Reuben cogió la pistola. Los guardaespaldas de Smith lo apuntaron con sus armas. Sabía que no tendría ocasión alguna de apuntar a nadie que no fuera Kominsky. Éste lo miró. Su único ojo expresaba elocuentemente su terror. Reuben levantó la pistola. Resultaba más pesada que ninguna otra de las que había levantado en su vida. Pensó en Danny en el suelo, con la garganta rajada. En Angelina atada a la silla junto a él. Apuntó la pistola a la cabeza de Kominsky. Si cerraba los ojos sería como en las prácticas de tiro. Disparar, cargar, disparar, cargar. Cerró los ojos. Ojo por ojo, vida por vida. «Lo mataré, mamá» se dijo. Apretó el gatillo.
Abrió los ojos y dejó caer la pistola. Smith lo miraba, impertérrito.
—Por lo visto rechaza mi oferta, teniente.
Reuben no dijo nada. Le temblaban las manos. Smith recogió la pistola. Con indiferencia nada afectada la puso contra la nuca de Kominsky. Éste temblaba como una hoja. Reuben miró a los ojos de Smith.

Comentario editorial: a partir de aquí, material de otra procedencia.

(* Each inverse branch v is strictly monotone, so for tau = sigma sgn v'(0) the function tau v
   is maximal at sigma; as v(sigma) is not an endpoint of [-1,1], tau lies outside the closure
   of O.  Hence 1 - v(x)/tau >= 1 - tau v(sigma) = d(tau, v(sigma)) >= d(tau, O) >= |O|/Xi.
   In the analytic case, the bound on V''/V' makes log V' Lipschitz on a convex open ellipse,
   so |V'| is uniformly comparable to its value at a real point where, by the mean value
   theorem, |v'| = |O|/2.  Every point of a thin Bernstein ellipse lies within e^zeta - 1 of
   [-1,1], so V moves there by at most half of the real lower bound. *)

lemma continuous_nonvanishing_sgn_eq:
  fixes g :: "'a::topological_space \<Rightarrow> real"
  assumes "connected S" "continuous_on S g" "\<forall>x\<in>S. g x \<noteq> 0" "x \<in> S" "y \<in> S"
  shows "sgn (g x) = sgn (g y)"
proof (rule ccontr)
  assume "sgn (g x) \<noteq> sgn (g y)"
  moreover have "g x \<noteq> 0" "g y \<noteq> 0" using assms(3-5) by blast+
  ultimately have opposite: "g x < 0 \<and> 0 < g y \<or> g y < 0 \<and> 0 < g x"
    by (auto simp: sgn_real_def split: if_splits)
  have "connected (g ` S)" "g x \<in> g ` S" "g y \<in> g ` S"
    using connected_continuous_image[OF assms(2,1)] assms(4,5) by auto
  then have "0 \<in> g ` S"
    using opposite connectedD_interval[of "g ` S" "g x" "g y" 0]
      connectedD_interval[of "g ` S" "g y" "g x" 0] by force
  then show False using assms(3) by auto
qed

lemma has_real_derivative_nonneg_imp_mono:
  fixes f :: "real \<Rightarrow> real"
  assumes der: "\<And>t. t \<in> {a..b} \<Longrightarrow> (f has_real_derivative f' t) (at t within {a..b})"
    and nonneg: "\<And>t. t \<in> {a..b} \<Longrightarrow> 0 \<le> f' t"
    and "a \<le> x" "x \<le> y" "y \<le> b"
  shows "f x \<le> f y"
proof -
  have "\<exists>t\<in>{x..y}. f y - f x = f' t * (y - x)"
  proof (rule mvt_very_simple[OF \<open>x \<le> y\<close>])
    fix t assume "x \<le> t" "t \<le> y"
    then have "(f has_real_derivative f' t) (at t within {x..y})"
      using assms by (intro DERIV_subset[OF der]) auto
    then show "(f has_derivative (*) (f' t)) (at t within {x..y})"
      by (simp add: has_field_derivative_def)
  qed
  then obtain t where "t \<in> {x..y}" "f y - f x = f' t * (y - x)" by blast
  moreover have "0 \<le> f' t * (y - x)"
    using nonneg[of t] \<open>t \<in> {x..y}\<close> assms(3-5) by simp
  ultimately show ?thesis by linarith
qed
(* Let $P\ge 1$ be an integer, let $\Delta x,\Delta t>0$, and let $U^*:\mathbb{R}\to\mathbb{R}^d$ be a continuous stationary solution of the balance law $U_t+F(U)_x=S(U)H_x$, i.e. $F(U^* )_x=S(U^* )H_x$. Assume that for every node $x_i$ the solution of the Cauchy problem $F(V)_x=S(V)H_x$, $V(x_i)=U^*(x_i)$, is unique on the nodes used by the scheme, so that the local equilibrium used by the scheme at node $i$ is $U^*_i=U^*$. If the WBCAT$2P$ scheme described in the context is applied with initial data $U^0_i=U^*(x_i)$ for all $i\in\mathbb{Z}$, then $U^n_i=U^0_i$ for all $i\in\mathbb{Z}$ and all $n\ge 0$.
   Context: Setting: $U:\mathbb{R}\times[0,\infty)\to\mathbb{R}^d$, $F,S:\mathbb{R}^d\to\mathbb{R}^d$ smooth, $H:\mathbb{R}\to\mathbb{R}$ smooth and known, $H_x=H'$. Uniform grid $x_l=l\Delta x$, $l\in\mathbb{Z}$; $U^n_l$ approximates $U(x_l,n\Delta t)$. Numerical differentiation weights: for integers $k\ge 0$ and real $q$, $\gamma^{k,q}_{P,j}$ ($j=-P+1,\dots,P$) are the unique weights such that $\frac{1}{h^k}\sum_{j=-P+1}^{P}\gamma^{k,q}_{P,j} f(x_0+jh)$ equals the $k$-th derivative at $x_0+qh$ of the polynomial of degree $\le 2P-1$ interpolating $f$ at $x_0+jh$, $j=-P+1,\dots,P$ (so $k=0$ is Lagrange interpolation). Quadrature weights: for each $m$ and $j=-P+2,\dots,P$, $a^{m,j}_{P,l}$ ($l=-P+1,\dots,P$) are weights of the interpolatory rule $\int_{x_{m+j-1}}^{x_{m+j}} f\,dx\approx \Delta x\sum_{l=-P+1}^P a^{m,j}_{P,l} f(x_{m+l})$ with nodes $x_{m+l}$. WBCAT$2P$ scheme. Given $U^n$, for each $i$ let $U^*_i$ be the stationary solution with $U^*_i(x_i)=U^n_i$. For each $m\in\{i-1,i\}$ compute, with indices $j,s,l,r\in\{-P+1,\dots,P\}$: (0) $F^{(0)}_{j}=F(U^n_{m+j})-F(U^*_i(x_{m+j}))$; for $j=-P+2,\dots,P$, $\tilde I^{(0)}_{j-1,j}=\Delta x\sum_l a^{m,j}_{P,l}\big(S(U^n_{m+l})-S(U^*_i(x_{m+l}))\big)H_x(x_{m+l})$; and $\tilde I^{(0)}_{-P+1,j}=\sum_{s=-P+2}^{j}\tilde I^{(0)}_{s-1,s}$ (which is $0$ for $j=-P+1$). (1) For $k=1,\dots,2P-1$: $U^{(k)}_j=-\frac{1}{\Delta x}\sum_s\gamma^{1,j}_{P,s}F^{(k-1)}_s+\frac{1}{\Delta x}\sum_s\gamma^{1,j}_{P,s}\tilde I^{(k-1)}_{-P+1,s}$; $U^{k,r}_j=U^n_{m+j}+\sum_{q=1}^{k}\frac{(r\Delta t)^q}{q!}U^{(q)}_j$; $F^{(k)}_j=\frac{1}{\Delta t^k}\sum_r\gamma^{k,0}_{P,r}F(U^{k,r}_j)$; for $j=-P+2,\dots,P$, $\tilde I^{(k)}_{j-1,j}=\frac{1}{\Delta t^k}\sum_r\gamma^{k,0}_{P,r}\,\Delta x\sum_l a^{m,j}_{P,l}S(U^{k,r}_l)H_x(x_{m+l})$; and $\tilde I^{(k)}_{-P+1,j}=\sum_{s=-P+2}^{j}\tilde I^{(k)}_{s-1,s}$. (2) Flux: $F_{i;m+1/2}=\sum_{k=1}^{2P}\frac{\Delta t^{k-1}}{k!}\sum_j\gamma^{0,1/2}_{P,j}F^{(k-1)}_j$ (quantities computed with this $m$). (3) Source: for $k=1,\dots,2P$ let $\tilde{\mathcal I}^{(k-1)}_j$ be $\tilde I^{(k-1)}_{j,j+1}$ computed with $m=i-1$ if $j\le 0$, and $\tilde I^{(k-1)}_{j-1,j}$ computed with $m=i$ if $j\ge1$; set $\tilde S_i=\sum_{k=1}^{2P}\frac{\Delta t^{k-1}}{k!}\sum_j\gamma^{0,1/2}_{P,j}\tilde{\mathcal I}^{(k-1)}_j$. (4) Update: $U^{n+1}_i=U^n_i+\frac{\Delta t}{\Delta x}\big(F_{i;i-1/2}-F_{i;i+1/2}+\tilde S_i\big)$. *)

theory Defs
  imports "HOL-Analysis.Analysis" "HOL-Computational_Algebra.Polynomial"
begin

definition stencil :: "nat \<Rightarrow> int set" where
  "stencil P = {- int P + 1 .. int P}"

definition node :: "real \<Rightarrow> int \<Rightarrow> real" where
  "node dx l = real_of_int l * dx"

text \<open>Lagrange basis polynomial (in the normalised variable s = (x - x0)/h) for the
  nodes -P+1,...,P, attached to node j.  The interpolant of f is
  sum_j f(x0+jh) L_j((x-x0)/h).\<close>
definition lagrange_basis :: "nat \<Rightarrow> int \<Rightarrow> real poly" where
  "lagrange_basis P j =
     (\<Prod>m\<in>stencil P - {j}. [: - of_int m / of_int (j - m), 1 / of_int (j - m) :])"

text \<open>gamma^{k,q}_{P,j}: the k-th derivative at x0+qh of the interpolant equals
  h^{-k} sum_j gamma_j f(x0+jh).\<close>
definition gamma :: "nat \<Rightarrow> nat \<Rightarrow> real \<Rightarrow> int \<Rightarrow> real" where
  "gamma P k q j = poly ((pderiv ^^ k) (lagrange_basis P j)) q"

text \<open>a^{m,j}_{P,l}: weights of the interpolatory rule on [x_{m+j-1}, x_{m+j}] with
  nodes x_{m+l}; they do not depend on m.\<close>
definition qweight :: "nat \<Rightarrow> int \<Rightarrow> int \<Rightarrow> real" where
  "qweight P j l = integral {real_of_int j - 1 .. real_of_int j} (\<lambda>s. poly (lagrange_basis P l) s)"

definition is_stationary ::
  "(real^'d \<Rightarrow> real^'d) \<Rightarrow> (real^'d \<Rightarrow> real^'d) \<Rightarrow> (real \<Rightarrow> real) \<Rightarrow> (real \<Rightarrow> real^'d) \<Rightarrow> bool" where
  "is_stationary F S H V \<longleftrightarrow> continuous_on UNIV V \<and>
     (\<forall>y. ((\<lambda>z. F (V z)) has_vector_derivative (deriv H y *\<^sub>R S (V y))) (at y))"

definition local_eq ::
  "(real^'d \<Rightarrow> real^'d) \<Rightarrow> (real^'d \<Rightarrow> real^'d) \<Rightarrow> (real \<Rightarrow> real) \<Rightarrow> real \<Rightarrow> real^'d \<Rightarrow> (real \<Rightarrow> real^'d)" where
  "local_eq F S H xi v = (SOME V. is_stationary F S H V \<and> V xi = v)"

text \<open>A level of the recursion: (F^{(k)}_j, I~^{(k)}_{j-1,j}) as functions of j.\<close>
type_synonym 'd level = "(int \<Rightarrow> real^'d) \<times> (int \<Rightarrow> real^'d)"

text \<open>I~^{(k)}_{-P+1,j} from the pieces I~^{(k)}_{s-1,s}.\<close>
definition cumI :: "nat \<Rightarrow> (int \<Rightarrow> real^'d) \<Rightarrow> int \<Rightarrow> real^'d" where
  "cumI P I j = (\<Sum>s\<in>{- int P + 2 .. j}. I s)"

text \<open>U^{(q)}_j, computed from level q-1.\<close>
definition Uder :: "nat \<Rightarrow> real \<Rightarrow> 'd level \<Rightarrow> int \<Rightarrow> real^'d" where
  "Uder P dx L j =
     - ((1 / dx) *\<^sub>R (\<Sum>s\<in>stencil P. gamma P 1 (of_int j) s *\<^sub>R fst L s))
     + (1 / dx) *\<^sub>R (\<Sum>s\<in>stencil P. gamma P 1 (of_int j) s *\<^sub>R cumI P (snd L) s)"
(* For all $k,l\ge1$, $X\in\mathfrak{W}'_k$ and $Y\in\mathfrak{W}'_l$, there exists $V\in\mathfrak{W}'_{k+l}$ with $(\lambda(X)-X)(\lambda(Y)-Y)=\lambda(V)-V$ as operators on $\mathfrak{H}^1$.
   Context: Let $\mathfrak{H}=\mathbb{Q}\langle x,y\rangle$, $\mathfrak{H}^1=\mathbb{Q}+\mathfrak{H}y$, $\mathfrak{H}^1_n$ its homogeneous part of degree $n$; $L_w(w')=ww'$; products of operators denote composition. Let $z_k=x^{k-1}y$. The harmonic product $\ast$ on $\mathfrak{H}^1$ is the $\mathbb{Q}$-bilinear map with $1\ast w=w\ast1=w$ and $z_kw\ast z_lw'=z_k(w\ast z_lw')+z_l(z_kw\ast w')+z_{k+l}(w\ast w')$; $\mathcal{H}_w(v)=w\ast v$. $\mathfrak{W}$ is the $\mathbb{Q}$-span of the operators $\mathcal{H}_w$ ($w\in\mathfrak{H}^1$) on $\mathfrak{H}^1$; $\mathfrak{W}'$ (resp. $\mathfrak{W}'_n$) the $\mathbb{Q}$-span of the operators $L_{z_k}\mathcal{H}_w$ on $\mathfrak{H}^1$ with $k\ge1$, $w\in\mathfrak{H}^1$ (resp. $1\le k\le n$, $w\in\mathfrak{H}^1_{n-k}$). The $L_{z_k}\mathcal{H}_w$ over distinct pairs $(k,w)$, $w$ a word, are linearly independent, and $\lambda:\mathfrak{W}'\to\mathfrak{W}$ is the $\mathbb{Q}$-linear map with $\lambda(L_{z_k}\mathcal{H}_w)=\mathcal{H}_{z_kw}$. *)

theory Defs
  imports Complex_Main
begin

datatype letter = x | y

type_synonym word = "letter list"

text \<open>Elements of H: finitely supported functions word => rat (coefficients).\<close>
type_synonym poly = "word \<Rightarrow> rat"

definition supp :: "('a \<Rightarrow> rat) \<Rightarrow> 'a set" where
  "supp p = {u. p u \<noteq> 0}"

definition mon :: "word \<Rightarrow> poly" where
  "mon w = (\<lambda>u. if u = w then 1 else 0)"

text \<open>Words spanning H^1 = Q + H y: the empty word or words ending in y.\<close>
definition h1word :: "word \<Rightarrow> bool" where
  "h1word w \<longleftrightarrow> w = [] \<or> last w = y"

definition inH1 :: "poly \<Rightarrow> bool" where
  "inH1 p \<longleftrightarrow> finite (supp p) \<and> (\<forall>w \<in> supp p. h1word w)"

definition z :: "nat \<Rightarrow> word" where
  "z k = replicate (k - 1) x @ [y]"

definition zword :: "nat list \<Rightarrow> word" where
  "zword ks = concat (map z ks)"

definition zdec :: "word \<Rightarrow> nat list" where
  "zdec w = (THE ks. (\<forall>k \<in> set ks. 0 < k) \<and> zword ks = w)"

text \<open>Harmonic product on sequences of z-indices, with values in
  coefficient functions on such sequences.\<close>
definition cons_ind :: "nat \<Rightarrow> (nat list \<Rightarrow> rat) \<Rightarrow> (nat list \<Rightarrow> rat)" where
  "cons_ind k f = (\<lambda>u. case u of [] \<Rightarrow> 0 | j # u' \<Rightarrow> if j = k then f u' else 0)"

fun qsh :: "nat list \<Rightarrow> nat list \<Rightarrow> (nat list \<Rightarrow> rat)" where
  "qsh [] b = (\<lambda>u. if u = b then 1 else 0)"
| "qsh (k # a) [] = (\<lambda>u. if u = k # a then 1 else 0)"
| "qsh (k # a) (l # b) = (\<lambda>u. cons_ind k (qsh a (l # b)) u
                              + cons_ind l (qsh (k # a) b) u
                              + cons_ind (k + l) (qsh a b) u)"

definition hw :: "word \<Rightarrow> word \<Rightarrow> poly" where
  "hw u v = (\<lambda>w. if h1word w then qsh (zdec u) (zdec v) (zdec w) else 0)"

definition harm :: "poly \<Rightarrow> poly \<Rightarrow> poly" where
  "harm p q = (\<lambda>w. \<Sum>u \<in> supp p. \<Sum>v \<in> supp q. p u * q v * hw u v w)"

definition Hop :: "poly \<Rightarrow> poly \<Rightarrow> poly" where
  "Hop p = (\<lambda>v. harm p v)"

definition Lw :: "word \<Rightarrow> poly \<Rightarrow> poly" where
  "Lw u p = (\<lambda>w. if take (length u) w = u then p (drop (length u) w) else 0)"
(*
  In the coordinate z = exp u the sector D_{s,alpha} becomes the half-strip Re u < ln s,
  |Im u| < alpha, and the equation psi z = y becomes F u = Ln y with
  F u = u + ln c + Ln (- u) + Ln (H u), where H u = psi (exp u) / (- c * exp u * u) tends to 1
  uniformly as Re u tends to -infinity. Far to the left F - id is 1/2-Lipschitz (Cauchy's estimate
  for Ln o H, and 1/|u| bounds the derivative of Ln (- u)), so F is injective, and Banach's fixed
  point theorem started at w - ln c - Ln (- w) gives a preimage of every w in a slightly thinner
  half-strip, at distance O(ln |Re w|) from w. Then Upsilon y = exp (F^-1 (Ln y)) is holomorphic by
  the inverse function theorem, the ambiguity 2 pi i n of the logarithm is excluded by comparing
  imaginary parts, and F^-1 (w) / w -> 1 together with H -> 1 gives the asymptotics.
*)

definition half_strip :: "real \<Rightarrow> real \<Rightarrow> complex set" where
  "half_strip a b = {u. Re u < a \<and> \<bar>Im u\<bar> < b}"

lemma half_strip_eq: "half_strip a b = {u. Re u < a} \<inter> {u. Im u < b} \<inter> {u. Im u > - b}"
  by (auto simp: half_strip_def)

lemma open_half_strip: "open (half_strip a b)"
  unfolding half_strip_eq
  by (intro open_Int open_halfspace_Re_lt open_halfspace_Im_lt open_halfspace_Im_gt)

lemma convex_half_strip: "convex (half_strip a b)"
  unfolding half_strip_eq
  by (intro convex_Int convex_halfspace_Re_lt convex_halfspace_Im_lt convex_halfspace_Im_gt)

lemma half_strip_mono: "a \<le> a' \<Longrightarrow> b \<le> b' \<Longrightarrow> half_strip a b \<subseteq> half_strip a' b'"
  by (auto simp: half_strip_def)

lemma cball_subset_half_strip:
  assumes "u \<in> half_strip (a - r) (b - r)"
  shows "cball u r \<subseteq> half_strip a b"
proof
  fix v assume "v \<in> cball u r"
  hence "norm (v - u) \<le> r" by (simp add: dist_norm norm_minus_commute)
  hence "\<bar>Re (v - u)\<bar> \<le> r" "\<bar>Im (v - u)\<bar> \<le> r"
    using abs_Re_le_cmod abs_Im_le_cmod order_trans by blast+
  thus "v \<in> half_strip a b" using assms by (auto simp: half_strip_def)
qed

lemma mem_sector_iff:
  assumes "\<alpha> \<le> pi"
  shows "z \<in> sector \<rho> \<alpha> \<longleftrightarrow> z \<noteq> 0 \<and> norm z < \<rho> \<and> \<bar>Im (Ln z)\<bar> < \<alpha>"
proof
  assume "z \<in> sector \<rho> \<alpha>"
  then obtain r \<theta> where z: "z = complex_of_real r * exp (\<i> * complex_of_real \<theta>)"
    and r: "0 < r" "r < \<rho>" and \<theta>: "\<bar>\<theta>\<bar> < \<alpha>" unfolding sector_def by auto
  have "Complex (ln r) \<theta> = complex_of_real (ln r) + \<i> * complex_of_real \<theta>"
    by (simp add: complex_eq_iff)
  hence "z = exp (Complex (ln r) \<theta>)"
    using r by (simp add: z exp_add exp_of_real)
  hence "Ln z = Complex (ln r) \<theta>" using \<theta> assms by (intro Ln_unique) auto
  moreover have "norm z = r" using r by (simp add: z norm_mult)
  ultimately show "z \<noteq> 0 \<and> norm z < \<rho> \<and> \<bar>Im (Ln z)\<bar> < \<alpha>" using r \<theta> by auto
next
  assume z: "z \<noteq> 0 \<and> norm z < \<rho> \<and> \<bar>Im (Ln z)\<bar> < \<alpha>"
  have "z = exp (Ln z)" using z by simp
  also have "Ln z = complex_of_real (ln (norm z)) + \<i> * complex_of_real (Im (Ln z))"
    using z by (simp add: complex_eq_iff)
  finally have "z = complex_of_real (norm z) * exp (\<i> * complex_of_real (Im (Ln z)))"
    using z by (simp add: exp_add exp_of_real)
  thus "z \<in> sector \<rho> \<alpha>" unfolding sector_def using z by force
qed

lemma Ln_mem_half_strip:
  assumes "z \<in> sector \<rho> \<alpha>" "\<alpha> \<le> pi"
  shows "Ln z \<in> half_strip (ln \<rho>) \<alpha>"
proof -
  have "z \<noteq> 0" "norm z < \<rho>" "\<bar>Im (Ln z)\<bar> < \<alpha>" using assms by (auto simp: mem_sector_iff)
  moreover from this have "ln (norm z) < ln \<rho>"
    by (subst ln_less_cancel_iff) (auto intro: le_less_trans[OF norm_ge_zero])
  ultimately show ?thesis by (simp add: half_strip_def)
qed

lemma exp_mem_sector:
  assumes "u \<in> half_strip (ln \<rho>) \<alpha>" "\<alpha> \<le> pi" "0 < \<rho>"
  shows "exp u \<in> sector \<rho> \<alpha>"
proof -
  have "Ln (exp u) = u" using assms by (intro Ln_exp) (auto simp: half_strip_def)
  thus ?thesis
    using assms by (auto simp: mem_sector_iff half_strip_def) (metis exp_less_cancel_iff exp_ln)
qed

lemma sector_not_nonpos_Reals:
  assumes "z \<in> sector \<rho> \<alpha>" "\<alpha> \<le> pi"
  shows "z \<notin> \<real>\<^sub>\<le>\<^sub>0"
proof
  assume "z \<in> \<real>\<^sub>\<le>\<^sub>0"
  moreover have "z \<noteq> 0" "\<bar>Im (Ln z)\<bar> < \<alpha>" using assms by (auto simp: mem_sector_iff)
  ultimately have "Re z < 0" "Im z = 0" by (auto simp: complex_nonpos_Reals_iff complex_eq_iff)
  hence "Im (Ln z) = pi" using \<open>z \<noteq> 0\<close> by (simp add: Im_Ln_eq_pi)
  thus False using \<open>\<bar>Im (Ln z)\<bar> < \<alpha>\<close> assms(2) by simp
qed

lemma open_sector:
  assumes "\<alpha> \<le> pi"
  shows "open (sector \<rho> \<alpha>)"
proof (cases "0 < \<rho>")
  case True
  have "sector \<rho> \<alpha> = exp ` half_strip (ln \<rho>) \<alpha>"
  proof
    show "sector \<rho> \<alpha> \<subseteq> exp ` half_strip (ln \<rho>) \<alpha>"
    proof
      fix z assume "z \<in> sector \<rho> \<alpha>"
      moreover from this have "z = exp (Ln z)" using assms by (simp add: mem_sector_iff)
      ultimately show "z \<in> exp ` half_strip (ln \<rho>) \<alpha>" using assms Ln_mem_half_strip by blast
    qed
    show "exp ` half_strip (ln \<rho>) \<alpha> \<subseteq> sector \<rho> \<alpha>"
      using assms True by (auto intro: exp_mem_sector)
  qed
  moreover have "inj_on exp (half_strip (ln \<rho>) \<alpha>)"
    using assms by (intro inj_on_inverseI[of _ Ln] Ln_exp) (auto simp: half_strip_def)
  ultimately show ?thesis
    using open_mapping_thm3[OF holomorphic_on_exp open_half_strip] by simp
next
  case False
  hence "sector \<rho> \<alpha> = {}"
    using assms by (auto simp: mem_sector_iff dest: le_less_trans[OF norm_ge_zero])
  thus ?thesis by simp
qed

lemma filterlim_uminus_Re_Ln_at_0: "filterlim (\<lambda>y. - Re (Ln y)) at_top (at 0 within S)"
proof -
  have "filterlim norm (at_right 0) (at (0::complex) within S)"
    unfolding filterlim_at
    by (auto simp: eventually_at_filter intro!: tendsto_norm_zero)
  hence "filterlim (\<lambda>y. ln (norm y)) at_bot (at (0::complex) within S)"
    by (rule filterlim_compose[OF ln_at_0])
  hence "filterlim (\<lambda>y. - ln (norm y)) at_top (at (0::complex) within S)"
    by (simp add: filterlim_uminus_at_bot)
  moreover have "eventually (\<lambda>y. - ln (norm y) = - Re (Ln y)) (at (0::complex) within S)"
    by (auto simp: eventually_at_filter)
  ultimately show ?thesis by (simp add: filterlim_cong)
qed

lemma abs_Im_Ln_le:
  assumes "0 < Re v"
  shows "\<bar>Im (Ln v)\<bar> \<le> \<bar>Im v\<bar> / Re v"
proof -
  have "v \<noteq> 0" using assms by auto
  hence "Im (Ln v) = arctan (Im v / Re v)"
    using assms by (simp add: Arg_eq_Im_Ln[symmetric] arg_conv_arctan)
  hence "\<bar>Im (Ln v)\<bar> \<le> \<bar>Im v / Re v\<bar>" by (metis abs_arctan_le)
  thus ?thesis using assms by (simp add: abs_divide)
qed

lemma norm_Ln_le:
  assumes "1 \<le> norm z"
  shows "norm (Ln z) \<le> ln (norm z) + pi"
proof -
  have "z \<noteq> 0" using assms by auto
  have "norm (Ln z) \<le> \<bar>Re (Ln z)\<bar> + \<bar>Im (Ln z)\<bar>" by (rule cmod_le)
  moreover have "\<bar>Im (Ln z)\<bar> \<le> pi"
    using mpi_less_Im_Ln[OF \<open>z \<noteq> 0\<close>] Im_Ln_le_pi[OF \<open>z \<noteq> 0\<close>] by auto
  ultimately show ?thesis using assms \<open>z \<noteq> 0\<close> by simp
qed
lemma opnorm2_grad_le_M0j:
  assumes f: "analytic2_on_cstrip f R" "biperiodic R f" and w: "w \<in> strip2 R"
  shows "opnorm2 (\<lambda>i j. grad f w i j + grad f (ReZ w) i j) 1 2 \<le> M0j f R"
proof -
  obtain B0 where B0: "\<And>w. w \<in> strip2 R \<Longrightarrow> cmod (pd0 f w) \<le> B0"
    using analytic2_biperiodic_bounded[OF analytic2_on_cstrip_pd(1) biperiodic_pd(1)] f by blast
  obtain B1 where B1: "\<And>w. w \<in> strip2 R \<Longrightarrow> cmod (pd1 f w) \<le> B1"
    using analytic2_biperiodic_bounded[OF analytic2_on_cstrip_pd(2) biperiodic_pd(2)] f by blast
  have bound: "opnorm2 (\<lambda>i j. grad f v i j + grad f (ReZ v) i j) 1 2 \<le> (B0 + B0) + (B1 + B1)"
    if v: "v \<in> strip2 R" for v
  proof -
    have "opnorm2 (\<lambda>i j. grad f v i j + grad f (ReZ v) i j) 1 2
        \<le> cmod (pd0 f v + pd0 f (ReZ v)) + cmod (pd1 f v + pd1 f (ReZ v))"
      using opnorm2_le_sum_norm[where A = "\<lambda>i j. grad f v i j + grad f (ReZ v) i j" and m = 1 and n = 2]
      by (simp add: numeral_2_eq_2 grad_def)
    also have "\<dots> \<le> (B0 + B0) + (B1 + B1)"
      using v ReZ_in_strip2[OF v]
      by (intro add_mono order_trans[OF norm_triangle_ineq] B0 B1)
    finally show ?thesis .
  qed
  show ?thesis
    unfolding M0j_def by (rule cSUP_upper[OF w bdd_aboveI2[OF bound]])
qed

lemma opnorm2_hess_le_M1j:
  assumes f: "analytic2_on_cstrip f R" "biperiodic R f" and w: "w \<in> strip2 R"
  shows "opnorm2 (hess f w) 2 2 \<le> M1j f R"
proof -
  have an: "analytic2_on_cstrip (pd0 (pd0 f)) R" "analytic2_on_cstrip (pd1 (pd0 f)) R"
    "analytic2_on_cstrip (pd0 (pd1 f)) R" "analytic2_on_cstrip (pd1 (pd1 f)) R"
    using analytic2_on_cstrip_pd[OF analytic2_on_cstrip_pd(1)[OF f(1)]]
      analytic2_on_cstrip_pd[OF analytic2_on_cstrip_pd(2)[OF f(1)]] by auto
  have per: "biperiodic R (pd0 (pd0 f))" "biperiodic R (pd1 (pd0 f))"
    "biperiodic R (pd0 (pd1 f))" "biperiodic R (pd1 (pd1 f))"
    using biperiodic_pd[OF biperiodic_pd(1)[OF f(2)]] biperiodic_pd[OF biperiodic_pd(2)[OF f(2)]] by auto
  obtain B00 where B00: "\<And>w. w \<in> strip2 R \<Longrightarrow> cmod (pd0 (pd0 f) w) \<le> B00"
    using analytic2_biperiodic_bounded[OF an(1) per(1)] by blast
  obtain B01 where B01: "\<And>w. w \<in> strip2 R \<Longrightarrow> cmod (pd1 (pd0 f) w) \<le> B01"
    using analytic2_biperiodic_bounded[OF an(2) per(2)] by blast
  obtain B10 where B10: "\<And>w. w \<in> strip2 R \<Longrightarrow> cmod (pd0 (pd1 f) w) \<le> B10"
    using analytic2_biperiodic_bounded[OF an(3) per(3)] by blast
  obtain B11 where B11: "\<And>w. w \<in> strip2 R \<Longrightarrow> cmod (pd1 (pd1 f) w) \<le> B11"
    using analytic2_biperiodic_bounded[OF an(4) per(4)] by blast
  have bound: "opnorm2 (hess f v) 2 2 \<le> (B00 + B01) + (B10 + B11)" if v: "v \<in> strip2 R" for v
  proof -
    have "opnorm2 (hess f v) 2 2
        \<le> (cmod (pd0 (pd0 f) v) + cmod (pd1 (pd0 f) v)) + (cmod (pd0 (pd1 f) v) + cmod (pd1 (pd1 f) v))"
      using opnorm2_le_sum_norm[where A = "hess f v" and m = 2 and n = 2]
      by (simp add: numeral_2_eq_2 hess_def)
    also have "\<dots> \<le> (B00 + B01) + (B10 + B11)"
      using v by (intro add_mono B00 B01 B10 B11)
    finally show ?thesis .
  qed
  show ?thesis
    unfolding M1j_def by (rule cSUP_upper[OF w bdd_aboveI2[OF bound]])
qed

—Anoche —dijo Smith a Reuben—, y quizá otra vez esta noche, usted tal vez pensó que la diferencia entre usted y el señor Kominsky era la diferencia entre el amor y el odio. O el amor y la indiferencia. Tal vez sea así. Pero desde entonces las cosas se han hecho más sencillas. Usted sigue teniendo la posibilidad de escoger entre la vida y la muerte. Usted acaba de tomar esa decisión. El señor Kominsky la tomó anoche cuando fracasó en su misión.
Smith apretó el gatillo y abrió un boquete del tamaño de un puño en la nuca de Kominsky. Un violento estremecimiento sacudió el cuerpo destrozado, la sangre saltó a latidos por el aire desacralizado. Reuben cerró los ojos. El cuerpo de Kominsky cayó muerto al suelo. El sonido de la explosión resonó una y otra vez por la iglesia abandonada.
Smith devolvió la pistola a su colaborador.
—Tiene hasta mañana por la mañana, teniente Abrams. A las cinco de la madrugada. Nos veremos entonces.
Se dio la vuelta y se alejó. Reuben abrió los ojos y lo vio alejarse. En mitad de una zancada Smith se detuvo y giró atrás la cabeza.
—Por cierto, teniente. Olvidé mencionar el buen aspecto que tiene su madre. ¿Qué edad tiene ahora? ¿Setenta años, quizá? Tiene muy buen aspecto. Estoy seguro de que ella y su padre alcanzarán una edad venerable. ¿No lo cree?
Se dio la vuelta y se alejó. No hubo ya sonido alguno; sobre el suelo donde habían andado sacerdotes y acólitos fluía la sangre como un amargo recuerdo del vino.